Intanto le opposizioni in consiglio provinciale interrogano l'esecutivo per ricevere dati chiari in materia disposizioni del Ministero, ma anche sulla situazione epidemiologia del Trentino. "Nella certezza che le autorità sanitarie locali adempiano puntualmente alla raccolta e al controllo dei dati previsti dall'ultimo Decreto del Ministero - spiegano Rossi, l'ex assessore Michele Dallapiccola e Paola Demagri - chiediamo al presidente Fugatti e all'assessora Segnana che ci vengano forniti tutti i dati previsti dalla normativa. Questo costituirebbe esempio di totale trasparenza e chiarezza, oltre a rafforzare la fiducia nelle autorità sanitarie e nelle istituzioni".

 

Il riferimento va in particolare alla tabella contenuta nel decreto e che definisce i 5 possibili livello di rischio in un territorio. Sono i campanelli d'allarme per delineare l'andamento della curva epidemiologica nella fase 2, quella caratterizzata dall'allentamento del lockdown. Una serie di indicatori che comprende il grado di preparedness e la tenuta del sistema sanitario. 

 

Questo per assicurare l’identificazione e la gestione dei contatti, il monitoraggio dei quarantenati, una adeguata e tempestiva esecuzione dei tamponi per l’accertamento diagnostico dei casi, il raccordo tra assistenza primaria e quella in regime di ricovero, oltre alla costante alimentazione dei flussi informativi necessari, da realizzarsi attraverso l’inserimento dei dati nei sistemi informativi routinari o realizzati ad hoc per l’emergenza in corso.

 

"E' la base di valutazione - proseguono le Stelle alpine - per valutare la situazione sanitaria in ogni Regione.
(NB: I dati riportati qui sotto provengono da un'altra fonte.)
(* Let $S\subseteq X$, $\psi:S\to Z$ be $C$-convex, $x_0\in S$, $f=\psi^C$, and write $x_t=x_0+t(x-x_0)$. Suppose that for all $x\in S$ and $t\in(0,1)$, $$\psi(x_t)\ne\psi(x_0)\ \Longrightarrow\ \psi'(x_t,x_0-x)\not\subseteq C\cup C_\infty .$$ Then $x_0$ solves the set-valued Minty inequality for $f$ (for all $x\in X$ with $f(x)\ne f(x_0)$: $f'(x,x_0-x)\not\subseteq0^+f(x)$), and for all $x\in S$, $t\in(0,1)$: $$\psi(x_t)\neq\psi(x_0)\ \Longrightarrow\ \psi'(x_t,x_0-x)\subseteq (C\cap-C)_\infty\cup(Z\setminus C).$$
   Context: $X$ real linear space, $Z$ real locally convex Hausdorff space with dual $Z^*$, $C\subseteq Z$ closed convex cone, $0\in C$, $C^-=\{z^*:z^*(c)\le0\ \forall c\in C\}$, $C^-\setminus\{0\}\ne\emptyset$. $\psi:S\to Z$ is $C$-convex if $S$ is convex and $(1-t)\psi(x_1)+t\psi(x_2)\in\psi(x_1+t(x_2-x_1))+C$ for $x_1,x_2\in S$, $t\in(0,1)$. $f=\psi^C$: $f(x)=\psi(x)+C$ for $x\in S$, $\emptyset$ otherwise. $A\ominus B=\{z:B+\{z\}\subseteq A\}$; $0^+A=\{z:A+\{z\}\subseteq A\}$ for $A\ne\emptyset$, $0^+\emptyset=\emptyset$; $f'(x,u)=\bigcap_{t_0>0}\operatorname{cl}\operatorname{co}\bigcup_{0<t<t_0}\frac1t(f(x+tu)\ominus f(x))$. Extended space: for $z\in Z$, $z_\infty$ denotes an infinite element in direction $z$, with $z_\infty=y_\infty$ iff $y=\lambda z$ for some $\lambda>0$, and $0_\infty=0$; $\tilde Z=Z\cup\{z_\infty:z\in Z\}$; for $A\subseteq Z$, $A_\infty=\{a_\infty:a\in A\setminus\{0\}\}$, $\operatorname{cone}A=\{ta:a\in A,t>0\}$. Topology on $\tilde Z$: for $z\in Z$, neighborhood base $\{z+U\}$ with $U$ ranging over closed convex balanced $0$-neighborhoods of $Z$; for $z\ne0$, neighborhood base of $z_\infty$: $(\{tz\}+\operatorname{cone}(U+\{z\}))\cup(U+\{z\})_\infty$, $t>0$, $U$ as before. Dini derivative: $\psi'(y,v)=\{\tilde z\in\tilde Z:\exists t_i\downarrow0 \text{ with } \frac1{t_i}(\psi(y+t_iv)-\psi(y))\to\tilde z\text{ in }\tilde Z\}$. *)

theory Defs
  imports "HOL-Analysis.Analysis"
begin

(* Locally convex topological vector space structure on the type 'z
   (Hausdorffness is imposed separately through the class t2_space). *)
definition lctvs :: "'z::{real_vector,topological_space} itself \<Rightarrow> bool" where
  "lctvs _ \<longleftrightarrow>
     continuous_on UNIV (\<lambda>p::'z \<times> 'z. fst p + snd p) \<and>
     continuous_on UNIV (\<lambda>p::real \<times> 'z. fst p *\<^sub>R snd p) \<and>
     (\<forall>U::'z set. open U \<and> 0 \<in> U \<longrightarrow> (\<exists>V. open V \<and> convex V \<and> 0 \<in> V \<and> V \<subseteq> U))"

definition dual_space :: "('z::{real_vector,topological_space} \<Rightarrow> real) set" where
  "dual_space = {l. linear l \<and> continuous_on UNIV l}"

definition neg_polar :: "'z::{real_vector,topological_space} set \<Rightarrow> ('z \<Rightarrow> real) set" where
  "neg_polar C = {l \<in> dual_space. \<forall>c\<in>C. l c \<le> 0}"

definition C_convex :: "'z::real_vector set \<Rightarrow> 'x::real_vector set \<Rightarrow> ('x \<Rightarrow> 'z) \<Rightarrow> bool" where
  "C_convex C S \<psi> \<longleftrightarrow> convex S \<and>
     (\<forall>x1\<in>S. \<forall>x2\<in>S. \<forall>t::real. 0 < t \<and> t < 1 \<longrightarrow>
        (1 - t) *\<^sub>R \<psi> x1 + t *\<^sub>R \<psi> x2 \<in> {\<psi> (x1 + t *\<^sub>R (x2 - x1)) + c | c. c \<in> C})"

definition psiC :: "'z::real_vector set \<Rightarrow> 'x set \<Rightarrow> ('x \<Rightarrow> 'z) \<Rightarrow> 'x \<Rightarrow> 'z set" where
  "psiC C S \<psi> x = (if x \<in> S then {\<psi> x + c | c. c \<in> C} else {})"

definition mdiff :: "'z::real_vector set \<Rightarrow> 'z set \<Rightarrow> 'z set" where
  "mdiff A B = {z. (\<lambda>b. b + z) ` B \<subseteq> A}"

definition rec_cone :: "'z::real_vector set \<Rightarrow> 'z set" where
  "rec_cone A = (if A = {} then {} else {z. (\<lambda>a. a + z) ` A \<subseteq> A})"

definition sv_deriv :: "('x::real_vector \<Rightarrow> 'z::{real_vector,topological_space} set) \<Rightarrow> 'x \<Rightarrow> 'x \<Rightarrow> 'z set" where
  "sv_deriv f x u = (\<Inter>t0\<in>{t0::real. 0 < t0}.
      closure (convex hull (\<Union>t\<in>{t. 0 < t \<and> t < t0}. (\<lambda>z. (1 / t) *\<^sub>R z) ` mdiff (f (x + t *\<^sub>R u)) (f x))))"

definition minty_sol :: "('x::real_vector \<Rightarrow> 'z::{real_vector,topological_space} set) \<Rightarrow> 'x \<Rightarrow> bool" where
  "minty_sol f x0 \<longleftrightarrow> (\<forall>x. f x \<noteq> f x0 \<longrightarrow> \<not> sv_deriv f x (x0 - x) \<subseteq> rec_cone (f x))"

(* Extended space: Fin z is the point z of Z, Dir z (z \<noteq> 0) is the infinite
   element z_\<infinity>.  Dir z and Dir (\<lambda> z) (\<lambda> > 0) represent the same element;
   all sets of extended elements used below are closed under this identification. *)
datatype 'z ext = Fin 'z | Dir 'z

definition ccb_nhd :: "'z::{real_vector,topological_space} set \<Rightarrow> bool" where
  "ccb_nhd U \<longleftrightarrow> (\<exists>V. open V \<and> 0 \<in> V \<and> V \<subseteq> U) \<and> closed U \<and> convex U \<and>
     (\<forall>a::real. \<bar>a\<bar> \<le> 1 \<longrightarrow> (\<lambda>u. a *\<^sub>R u) ` U \<subseteq> U)"

definition pos_cone :: "'z::real_vector set \<Rightarrow> 'z set" where
  "pos_cone A = {t *\<^sub>R a | t a. t > 0 \<and> a \<in> A}"

definition ext_conv :: "(nat \<Rightarrow> 'z::{real_vector,topological_space}) \<Rightarrow> 'z ext \<Rightarrow> bool" where
  "ext_conv w e = (case e of
      Fin z \<Rightarrow> (w \<longlongrightarrow> z) sequentially
    | Dir z \<Rightarrow> z \<noteq> 0 \<and>
        (\<forall>t::real. \<forall>U. t > 0 \<and> ccb_nhd U \<longrightarrow>
           eventually (\<lambda>i. w i \<in> {t *\<^sub>R z + p | p. p \<in> pos_cone ((\<lambda>u. u + z) ` U)}) sequentially))"

definition dini :: "('x::real_vector \<Rightarrow> 'z::{real_vector,topological_space}) \<Rightarrow> 'x \<Rightarrow> 'x \<Rightarrow> 'z ext set" where
  "dini \<psi> y v = {e. \<exists>s::nat \<Rightarrow> real. (\<forall>i. s i > 0) \<and> decseq s \<and> (s \<longlonglongrightarrow> 0) \<and>
        ext_conv (\<lambda>i. (1 / s i) *\<^sub>R (\<psi> (y + s i *\<^sub>R v) - \<psi> y)) e}"

definition fin_part :: "'z set \<Rightarrow> 'z ext set" where
  "fin_part A = Fin ` A"

definition inf_part :: "'z::zero set \<Rightarrow> 'z ext set" where
  "inf_part A = Dir ` (A - {0})"

end

theory Submission
  imports Defs
begin

text \<open>Along a segment, \<open>C\<close>-convexity of \<open>\<psi>\<close> makes the difference quotients
  \<open>s \<mapsto> (\<psi> (y + s v) - \<psi> y) / s\<close> monotone for the order induced by \<open>C\<close>, and bounds them from
  below by the backward quotient \<open>(\<psi> y - \<psi> x) / a\<close> whenever \<open>y = x + a v\<close>. Hence any two finite
  Dini derivatives are comparable, and every infinite one is squeezed into the lineality space
  \<open>C \<inter> - C\<close>; so once some Dini derivative at \<open>x\<^sub>t\<close> lies outside \<open>C \<union> C\<^sub>\<infinity>\<close>, no finite one
  lies in \<open>C\<close>.

  For the Minty inequality at \<open>x \<in> S\<close>, the quotients of \<open>\<psi>\<close> at \<open>x\<close> belong to \<open>f'(x, x0 - x)\<close>,
  while \<open>0\<^sup>+ f(x) = C\<close>. If the quotient at \<open>1/2\<close> were in \<open>C\<close>, then at the midpoint \<open>m\<close> either
  \<open>\<psi> m = \<psi> x0\<close>, forcing \<open>f x = f x0\<close>, or all quotients at \<open>m\<close> dominate it, making
  \<open>\<psi>'(m, x0 - x) \<subseteq> C \<union> C\<^sub>\<infinity>\<close>. Outside \<open>S\<close>, \<open>f x = {}\<close>, so \<open>0\<^sup>+ f(x) = {}\<close> while
  \<open>0 \<in> f'(x, x0 - x)\<close>.\<close>

section \<open>Difference quotients of \<open>C\<close>-convex maps\<close>

definition diff_quot :: "('x::real_vector \<Rightarrow> 'z::real_vector) \<Rightarrow> 'x \<Rightarrow> 'x \<Rightarrow> real \<Rightarrow> 'z" where
  "diff_quot \<psi> y v s = (1 / s) *\<^sub>R (\<psi> (y + s *\<^sub>R v) - \<psi> y)"

lemma C_convex_imp_convex: "C_convex C S \<psi> \<Longrightarrow> convex S"
  by (simp add: C_convex_def)

lemma C_convexD:
  assumes "C_convex C S \<psi>" "x1 \<in> S" "x2 \<in> S" "0 < t" "t < 1"
  shows "(1 - t) *\<^sub>R \<psi> x1 + t *\<^sub>R \<psi> x2 - \<psi> (x1 + t *\<^sub>R (x2 - x1)) \<in> C"
proof -
  obtain c where "c \<in> C" "(1 - t) *\<^sub>R \<psi> x1 + t *\<^sub>R \<psi> x2 = \<psi> (x1 + t *\<^sub>R (x2 - x1)) + c"
    using assms unfolding C_convex_def by blast
  then show ?thesis
    by (simp add: algebra_simps)
qed

lemma convex_segment_mem:
  assumes "convex S" "p \<in> S" "q \<in> S" "0 \<le> l" "l \<le> 1"
  shows "p + l *\<^sub>R (q - p) \<in> S"
  using convexD_alt[OF assms] by (simp add: algebra_simps)

lemma diff_quot_mono:
  assumes "C_convex C S \<psi>" "convex_cone C" "y \<in> S" "y + T *\<^sub>R v \<in> S"
    and "0 < s" "s \<le> s'" "s' \<le> T"
  shows "diff_quot \<psi> y v s' - diff_quot \<psi> y v s \<in> C"
proof (cases "s = s'")
  case True
  then show ?thesis
    using assms(2) convex_cone_contains_0 by simp
next
  case False
  have "convex S"
    using assms(1) by (rule C_convex_imp_convex)
  have "y + (s' / T) *\<^sub>R ((y + T *\<^sub>R v) - y) \<in> S"
    using assms by (intro convex_segment_mem[OF \<open>convex S\<close>]) auto
  then have "y + s' *\<^sub>R v \<in> S"
    using assms by simp
  moreover have "y + (s / s') *\<^sub>R ((y + s' *\<^sub>R v) - y) = y + s *\<^sub>R v"
    using assms by simp
  ultimately have "(1 - s / s') *\<^sub>R \<psi> y + (s / s') *\<^sub>R \<psi> (y + s' *\<^sub>R v) - \<psi> (y + s *\<^sub>R v) \<in> C"
    using C_convexD[OF assms(1,3), of "y + s' *\<^sub>R v" "s / s'"] assms False by simp
  then have "(1 / s) *\<^sub>R ((1 - s / s') *\<^sub>R \<psi> y + (s / s') *\<^sub>R \<psi> (y + s' *\<^sub>R v) - \<psi> (y + s *\<^sub>R v)) \<in> C"
    using assms(2,5) by (intro convex_cone_scaleR) auto
  moreover have "(1 / s) *\<^sub>R ((1 - s / s') *\<^sub>R \<psi> y + (s / s') *\<^sub>R \<psi> (y + s' *\<^sub>R v) - \<psi> (y + s *\<^sub>R v))
      = diff_quot \<psi> y v s' - diff_quot \<psi> y v s"
    using assms by (simp add: diff_quot_def algebra_simps diff_divide_distrib scaleR_diff_left)
  ultimately show ?thesis
    by simp
qed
La raccolta e la lettura di questi dati consente una valutazione omogenea per ogni territorio. A questo scopo, sempre negli allegati al decreto, sono elencati 21 indicatori con valori di soglia e di allerta che vanno monitorati, attraverso sistemi di sorveglianza coordinati a livello nazionale, al fine di ottenere dati aggregati nazionali, regionali e locali".

 

Gli indicatori costituiscono il rischio e sono 5 i livelli individuati a livello ministeriale: molto basso; basso; moderato; alto e molto alto. Questa classificazione aggiornata deve avvenire almeno settimanalmente. Il gruppo consiliare del Patt chiede alla Provincia quando siano state effettuate queste valutazioni e quale è stato l'esito. 

 

"Ci chiediamo se piazza Dante ritenga utile pubblicare giornalmente o settimanalmente gli esiti di queste valutazioni e se non si ritenga opportuno, fornire al Consiglio provinciale l’esito di questo monitoraggio in tempo utile per la seduta straordinaria del 20 maggio prossimo", continuano Rossi, Dallapiccola e Demagri.

 

La compagine di Futura mette, soprattutto, nel mirino l'interpretazione del provvedimento di Roma. "Chiediamo - dicono Ghezzi e Coppola - quale parte della circolare, pubblicata il 30 aprile, fa riferimento all'invio di soli dati inerenti ai contagiati che abbiano manifestato sintomi non più di 5 giorni prima e se c’è il rischio che i positivi sempre asintomatici e i positivi con sintomi iniziati 6 o più giorni prima dell'esecuzione del tampone non siano più segnalati e di fatto usciti dalle statistiche".

 

Nel frattempo l'Apss ha cercato di chiarire la metodologia di comunicazione dei dati. "La Provincia è chiamata a commentare la risposta del ministero all'ex rettore Bassi che parla di fraintendimento e spiegare come intenda risolvere l'equivoco. La Pat dovrebbe pubblicare tabella esaurienti e informazioni complete di quanto viene inviato al ministero. Invece si insiste con una comunicazione parziale e imprecisa, ispirata a esigenze di immagine della Giunta e non di trasparenza nei confronti dei cittadini", concludono Ghezzi e Coppola.